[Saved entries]
··········
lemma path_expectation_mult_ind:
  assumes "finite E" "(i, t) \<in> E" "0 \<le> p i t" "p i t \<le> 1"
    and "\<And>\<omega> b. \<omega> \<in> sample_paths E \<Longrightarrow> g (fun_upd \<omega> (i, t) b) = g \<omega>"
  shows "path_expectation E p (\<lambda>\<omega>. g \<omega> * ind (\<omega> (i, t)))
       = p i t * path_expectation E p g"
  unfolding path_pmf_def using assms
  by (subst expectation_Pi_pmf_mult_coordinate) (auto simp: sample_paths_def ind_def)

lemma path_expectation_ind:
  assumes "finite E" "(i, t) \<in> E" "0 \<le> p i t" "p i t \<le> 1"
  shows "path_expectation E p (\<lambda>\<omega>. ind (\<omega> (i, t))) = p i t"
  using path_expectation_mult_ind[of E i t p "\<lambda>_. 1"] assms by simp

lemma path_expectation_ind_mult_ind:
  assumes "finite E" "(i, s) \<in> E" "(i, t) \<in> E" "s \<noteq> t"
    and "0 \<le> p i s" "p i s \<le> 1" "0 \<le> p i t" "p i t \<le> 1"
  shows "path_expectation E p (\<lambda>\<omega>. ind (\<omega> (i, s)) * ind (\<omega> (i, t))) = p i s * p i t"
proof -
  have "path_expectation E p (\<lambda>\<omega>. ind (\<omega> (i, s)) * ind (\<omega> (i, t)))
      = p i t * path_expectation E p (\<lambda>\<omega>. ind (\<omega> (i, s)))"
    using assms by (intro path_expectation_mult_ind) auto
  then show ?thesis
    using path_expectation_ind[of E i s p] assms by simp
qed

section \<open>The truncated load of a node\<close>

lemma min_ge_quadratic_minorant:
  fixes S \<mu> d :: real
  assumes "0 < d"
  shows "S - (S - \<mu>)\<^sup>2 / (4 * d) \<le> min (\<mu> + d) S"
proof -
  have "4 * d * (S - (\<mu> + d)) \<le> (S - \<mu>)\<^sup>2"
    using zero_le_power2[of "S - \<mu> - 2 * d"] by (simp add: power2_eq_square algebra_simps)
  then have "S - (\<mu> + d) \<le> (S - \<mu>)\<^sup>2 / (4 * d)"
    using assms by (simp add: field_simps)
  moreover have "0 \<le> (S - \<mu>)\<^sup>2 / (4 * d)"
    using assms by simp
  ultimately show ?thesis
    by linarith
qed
··········
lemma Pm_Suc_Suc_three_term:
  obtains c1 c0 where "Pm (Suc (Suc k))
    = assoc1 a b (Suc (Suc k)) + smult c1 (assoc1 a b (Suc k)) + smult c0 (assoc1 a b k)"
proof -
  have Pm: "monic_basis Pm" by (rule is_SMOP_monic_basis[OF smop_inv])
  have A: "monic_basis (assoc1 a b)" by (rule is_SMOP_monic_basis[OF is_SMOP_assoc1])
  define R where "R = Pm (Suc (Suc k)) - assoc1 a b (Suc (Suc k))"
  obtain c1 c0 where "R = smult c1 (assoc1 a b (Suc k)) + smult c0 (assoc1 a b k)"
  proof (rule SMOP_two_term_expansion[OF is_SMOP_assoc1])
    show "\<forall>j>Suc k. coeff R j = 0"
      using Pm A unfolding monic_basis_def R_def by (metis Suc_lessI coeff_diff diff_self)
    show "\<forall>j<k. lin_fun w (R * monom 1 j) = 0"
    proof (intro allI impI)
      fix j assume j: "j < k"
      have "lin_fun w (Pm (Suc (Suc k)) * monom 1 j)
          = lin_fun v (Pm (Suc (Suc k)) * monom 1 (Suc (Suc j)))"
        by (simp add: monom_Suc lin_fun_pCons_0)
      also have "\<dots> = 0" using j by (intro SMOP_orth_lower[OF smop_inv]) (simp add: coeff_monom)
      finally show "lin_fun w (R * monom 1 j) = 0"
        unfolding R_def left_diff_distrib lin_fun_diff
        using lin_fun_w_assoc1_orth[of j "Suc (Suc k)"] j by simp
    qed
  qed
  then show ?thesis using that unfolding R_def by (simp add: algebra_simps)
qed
··········
EXERCISE BRIEF
Return each line among the entries that holds the word "assms".

SOLUTION
  unfolding path_pmf_def using assms
  using path_expectation_mult_ind[of E i t p "\<lambda>_. 1"] assms by simp
    using assms by (intro path_expectation_mult_ind) auto
    using path_expectation_ind[of E i s p] assms by simp
    using assms by (simp add: field_simps)
    using assms by simp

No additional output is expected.